What is being asked
Which lines of the records contain "True"? Collect every one of them.

Data supplied
lemma q_proc_joint_measurable:
  assumes pv: "progressive F t T v" and tT: "t \<le> T"
  shows "q_proc_joint t T q v \<in> borel_measurable (M \<Otimes>\<^sub>M lborel)"
proof -
  have a: "(\<lambda>z. indicator {t..T} (snd z) * v (snd z) (fst z)) \<in> borel_measurable (M \<Otimes>\<^sub>M lborel)"
    using progressive_indicator_measurable_M[OF pv] tT by auto
  have b: "(\<lambda>z::('a \<times> real) \<times> real. (fst (fst z), snd z)) \<in> measurable ((M \<Otimes>\<^sub>M lborel) \<Otimes>\<^sub>M lborel) (M \<Otimes>\<^sub>M lborel)"
    by measurable
  have c: "(\<lambda>z::('a \<times> real) \<times> real. indicator {t..T} (snd z) * v (snd z) (fst (fst z))) \<in> borel_measurable ((M \<Otimes>\<^sub>M lborel) \<Otimes>\<^sub>M lborel)"
    using measurable_comp[OF b a] by (simp add: o_def)
  have d: "(\<lambda>z::('a \<times> real) \<times> real. indicator {..snd (fst z)} (snd z) :: real) \<in> borel_measurable ((M \<Otimes>\<^sub>M lborel) \<Otimes>\<^sub>M lborel)"
  proof -
    have "(\<lambda>z::('a \<times> real) \<times> real. if snd z \<le> snd (fst z) then 1 else 0 :: real) \<in> borel_measurable ((M \<Otimes>\<^sub>M lborel) \<Otimes>\<^sub>M lborel)"
      by measurable
    then show ?thesis by (simp add: indicator_def atMost_def)
  qed
  have "(\<lambda>(z, u). indicator {t..T} u * v u (fst z) * indicator {..snd z} u) \<in> borel_measurable ((M \<Otimes>\<^sub>M lborel) \<Otimes>\<^sub>M lborel)"
    using borel_measurable_times[OF c d] by (simp add: case_prod_beta')
  then have "(\<lambda>z. \<integral>u. indicator {t..T} u * v u (fst z) * indicator {..snd z} u \<partial>lborel) \<in> borel_measurable (M \<Otimes>\<^sub>M lborel)"
    by (rule lborel.borel_measurable_lebesgue_integral)
  then show ?thesis unfolding q_proc_joint_def by measurable
qed

lemma W_joint_measurable: "(\<lambda>z. W (max 0 (snd z)) (fst z)) \<in> borel_measurable (M \<Otimes>\<^sub>M lborel)"
proof (rule borel_measurable_LIMSEQ_real)
  define a where "a n s = max 0 (real_of_int \<lceil>real (Suc n) * s\<rceil> / real (Suc n))" for n s
  show "(\<lambda>z::'a \<times> real. W (a n (snd z)) (fst z)) \<in> borel_measurable (M \<Otimes>\<^sub>M lborel)" for n
  proof -
    have g: "(\<lambda>z::'a \<times> real. \<lceil>real (Suc n) * snd z\<rceil>) \<in> measurable (M \<Otimes>\<^sub>M lborel) (count_space UNIV)"
      using measurable_comp[OF _ measurable_real_ceiling, of "\<lambda>z::'a \<times> real. real (Suc n) * snd z"]
      by (simp add: o_def)
    have "(\<lambda>z. (\<lambda>i. W (max 0 (real_of_int i / real (Suc n))) (fst z)) \<lceil>real (Suc n) * snd z\<rceil> ) \<in> borel_measurable (M \<Otimes>\<^sub>M lborel)"
      by (rule measurable_compose_countable'[OF _ g]) (auto intro!: measurable_comp[OF measurable_fst W_measurable, simplified o_def])
    then show ?thesis by (simp add: a_def)
  qed
  fix z :: "'a \<times> real" assume z: "z \<in> space (M \<Otimes>\<^sub>M lborel)"
  have cont: "continuous_on {0..} (\<lambda>s. W s (fst z))" using z bm_cont by (auto simp: space_pair_measure)
  have lim: "(\<lambda>n. a n (snd z)) \<longlonglongrightarrow> max 0 (snd z)"
  proof -
    have "(\<lambda>n. real_of_int \<lceil>real (Suc n) * snd z\<rceil> / real (Suc n)) \<longlonglongrightarrow> snd z"
    proof (rule tendsto_sandwich[of "\<lambda>_. snd z" _ _ "\<lambda>n. snd z + 1 / real (Suc n)"])
      show "\<forall>\<^sub>F n in sequentially. snd z \<le> real_of_int \<lceil>real (Suc n) * snd z\<rceil> / real (Suc n)"
        by (auto simp: field_simps)
      show "\<forall>\<^sub>F n in sequentially. real_of_int \<lceil>real (Suc n) * snd z\<rceil> / real (Suc n) \<le> snd z + 1 / real (Suc n)"
      proof (intro always_eventually allI)
        fix n
        have "real_of_int \<lceil>real (Suc n) * snd z\<rceil> \<le> real (Suc n) * snd z + 1" by linarith
        then show "real_of_int \<lceil>real (Suc n) * snd z\<rceil> / real (Suc n) \<le> snd z + 1 / real (Suc n)"
          by (simp add: field_simps del: of_nat_Suc)
      qed
      show "(\<lambda>n. snd z) \<longlonglongrightarrow> snd z" by simp
      have "(\<lambda>n. 1 / real (Suc n)) \<longlonglongrightarrow> 0" by real_asymp
      from tendsto_add[OF tendsto_const[of "snd z"] this]
      show "(\<lambda>n. snd z + 1 / real (Suc n)) \<longlonglongrightarrow> snd z" by simp
    qed
    then show ?thesis unfolding a_def by (intro tendsto_max tendsto_const)
  qed
  show "(\<lambda>n. W (a n (snd z)) (fst z)) \<longlonglongrightarrow> W (max 0 (snd z)) (fst z)"
    by (rule continuous_on_tendsto_compose[OF cont lim]) (auto simp: a_def)
qed

end

section \<open>The hedging problem\<close>

locale hedging_problem = brownian M F W for M :: "'a measure" and F W +
  fixes T \<mu> r \<sigma> \<gamma> rhom N K :: real and V L ell :: "real \<Rightarrow> real"
    and Pay :: "real \<Rightarrow> real \<Rightarrow> real" and t S B0 :: real
  assumes t_in: "0 \<le> t" "t \<le> T" and sigma_pos: "\<sigma> > 0" and gamma_pos: "\<gamma> > 0"
    and rho_pos: "rhom > 0" and N_pos: "N > 0"
    and V_meas: "V \<in> borel_measurable (restrict_space borel {0..T})"
    and V_nonneg: "\<forall>s\<in>{0..T}. 0 \<le> V s"
    and V_bdd: "\<forall>s\<in>{0..T}. V s \<le> B0" and B0: "0 \<le> B0"
    and L_nonneg: "\<forall>x. 0 \<le> L x"
    and L_cont: "continuous_on UNIV L"
    and L_even: "\<forall>x. L (- x) = L x"
    and L_conv: "convex_on UNIV L"
    and L_mono: "mono_on {0..} L"
    and l_nonneg: "\<forall>x. 0 \<le> ell x"
    and l_convex: "convex_on UNIV ell"
    and l_even: "\<forall>x. ell (- x) = ell x"
    and l_mono: "mono_on {0..} ell"
    and Pi_def:
      "(\<forall>q S. Pay q S = N * max (S - K) 0 + (if S \<ge> K then ell \<bar>N - q\<bar> else 0)
                                        + (if S < K then ell \<bar>q\<bar> else 0))
       \<or> (\<forall>q S. Pay q S = N * max (S - K) 0 + ell \<bar>q\<bar>)"
begin

abbreviation adm where "adm \<equiv> admissible M F T V rhom t"

definition q_bound :: "real \<Rightarrow> real" where "q_bound q = \<bar>q\<bar> + rhom * B0 * (T - t)"
definition disc :: real where "disc = exp (\<bar>r\<bar> * (T - t))"

definition integrand where "integrand q v = (\<lambda>s \<omega>'. exp (- r * (s - t)) * q_proc t q v s \<omega>' * \<sigma>)"

definition good_path where "good_path v \<omega> \<longleftrightarrow> \<omega> \<in> space M \<and> (AE u in lborel. u \<in> {t<..<T} \<longrightarrow> \<bar>v u \<omega>\<bar> \<le> rhom * V u)"

definition control_mix where "control_mix a v1 v2 = (\<lambda>u \<omega>. a * v1 u \<omega> + (1 - a) * v2 u \<omega>)"

lemma q_bound_nonneg: "0 \<le> q_bound q" using t_in rho_pos B0 by (simp add: q_bound_def)
lemma disc_ge_1: "1 \<le> disc" using t_in by (simp add: disc_def)
lemma exp_le_disc: "s \<in> {t..T} \<Longrightarrow> exp (- r * (s - t)) \<le> disc"
proof -
  assume s: "s \<in> {t..T}"
  have "- r * (s - t) \<le> \<bar>r\<bar> * (s - t)" using s by (intro mult_right_mono) auto
  also have "\<dots> \<le> \<bar>r\<bar> * (T - t)" using s by (intro mult_left_mono) auto
  finally show ?thesis unfolding disc_def by simp
qed

lemma admissible_progressive: "v \<in> adm \<Longrightarrow> progressive F t T v" unfolding admissible_def by simp

lemma admissible_AE_good_path: "v \<in> adm \<Longrightarrow> AE \<omega> in M. good_path v \<omega>"
proof -
  assume v: "v \<in> adm"
  have sf1: "sigma_finite_measure (restrict_space lborel {t<..<T})"
    by (rule sigma_finite_measure_restrict_space[OF lborel.sigma_finite_measure_axioms]) simp
  have sf2: "sigma_finite_measure M" using bm_prob by (rule prob_space_imp_sigma_finite)
  have "AE z in restrict_space lborel {t<..<T} \<Otimes>\<^sub>M M. \<bar>v (fst z) (snd z)\<bar> \<le> rhom * V (fst z)"
    using v unfolding admissible_def by simp
  from AE_pair_swap[OF sf1 sf2 this]
  have "AE \<omega> in M. AE u in restrict_space lborel {t<..<T}. \<bar>v u \<omega>\<bar> \<le> rhom * V u" by simp
  then show ?thesis
    by (rule AE_mp) (auto intro!: AE_I2 simp: good_path_def AE_restrict_space_iff)
qed

lemma admissible_path_measurable:
  assumes v: "v \<in> adm" and \<omega>: "\<omega> \<in> space M"
  shows "(\<lambda>u. indicator {t..T} u * v u \<omega>) \<in> borel_measurable lborel"
  using measurable_Pair2[OF progressive_indicator_measurable_M[OF admissible_progressive[OF v], of T] \<omega>] t_in by simp

lemma good_path_bound:
  assumes g: "good_path v \<omega>"
  shows "AE u in lborel. \<bar>indicator {t..T} u * v u \<omega>\<bar> \<le> rhom * B0 * indicator {t..T} u"
  using conjunct2[OF g[unfolded good_path_def]] AE_lborel_singleton[of t] AE_lborel_singleton[of T]
proof eventually_elim
  case (elim u)
  show ?case
  proof (cases "u \<in> {t..T}")
    case True
    then have u: "u \<in> {t<..<T}" using elim by auto
    have "\<bar>v u \<omega>\<bar> \<le> rhom * V u" using elim u by auto
    also have "\<dots> \<le> rhom * B0" using V_bdd u t_in rho_pos by (intro mult_left_mono) auto
    finally show ?thesis using True by simp
  qed simp
qed

lemma good_path_integrable:
  assumes v: "v \<in> adm" and g: "good_path v \<omega>" and A: "A \<in> sets borel" "A \<subseteq> {t..T}"
  shows "integrable lborel (\<lambda>u. indicator A u * v u \<omega>)"
    and "\<bar>\<integral>u. indicator A u * v u \<omega> \<partial>lborel\<bar> \<le> rhom * B0 * measure lborel A"
proof -
  have \<omega>: "\<omega> \<in> space M" using g by (simp add: good_path_def)
  have eq: "indicator A u * v u \<omega> = indicator A u * (indicator {t..T} u * v u \<omega>)" for u
    using A by (auto simp: indicator_def)
  have fin: "emeasure lborel A < \<infinity>"
  proof -
    have "emeasure lborel A \<le> emeasure lborel {t..T}" using A by (intro emeasure_mono) auto
    then show ?thesis using t_in by (auto simp: less_top[symmetric] top_unique)
  qed
  have ib: "integrable lborel (\<lambda>u. rhom * B0 * indicator A u)"
    using A fin by (intro integrable_mult_right integrable_real_indicator) auto
  have m: "(\<lambda>u. indicator A u * v u \<omega>) \<in> borel_measurable lborel"
    unfolding eq using admissible_path_measurable[OF v \<omega>] A by measurable
  have bnd': "AE u in lborel. \<bar>indicator A u * v u \<omega>\<bar> \<le> rhom * B0 * indicator A u"
    using good_path_bound[OF g]
  proof eventually_elim
    case (elim u)
    then show ?case using A rho_pos B0 by (auto simp: indicator_def split: if_splits)
  qed
  have bnd: "AE u in lborel. norm (indicator A u * v u \<omega>) \<le> norm (rhom * B0 * indicator A u)"
    using bnd' by eventually_elim (use rho_pos B0 in \<open>auto simp: abs_mult\<close>)
  show dyadic_limit: "integrable lborel (\<lambda>u. indicator A u * v u \<omega>)"
    by (rule Bochner_Integration.integrable_bound[OF ib m bnd])
  have "\<bar>\<integral>u. indicator A u * v u \<omega> \<partial>lborel\<bar> \<le> (\<integral>u. \<bar>indicator A u * v u \<omega>\<bar> \<partial>lborel)"
    by (rule integral_abs_bound)
  also have "\<dots> \<le> (\<integral>u. rhom * B0 * indicator A u \<partial>lborel)"
    by (rule integral_mono_AE[OF integrable_abs[OF dyadic_limit] ib bnd'])
  also have "\<dots> = rhom * B0 * measure lborel A" using A fin by simp
  finally show "\<bar>\<integral>u. indicator A u * v u \<omega> \<partial>lborel\<bar> \<le> rhom * B0 * measure lborel A" .
qed

lemma q_proc_eq: "q_proc t q v s \<omega> = q + (\<integral>u. indicator {t..s} u * v u \<omega> \<partial>lborel)"
  unfolding q_proc_def set_lebesgue_integral_def by simp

Solution for this exercise
    case True
    finally show ?thesis using True by simp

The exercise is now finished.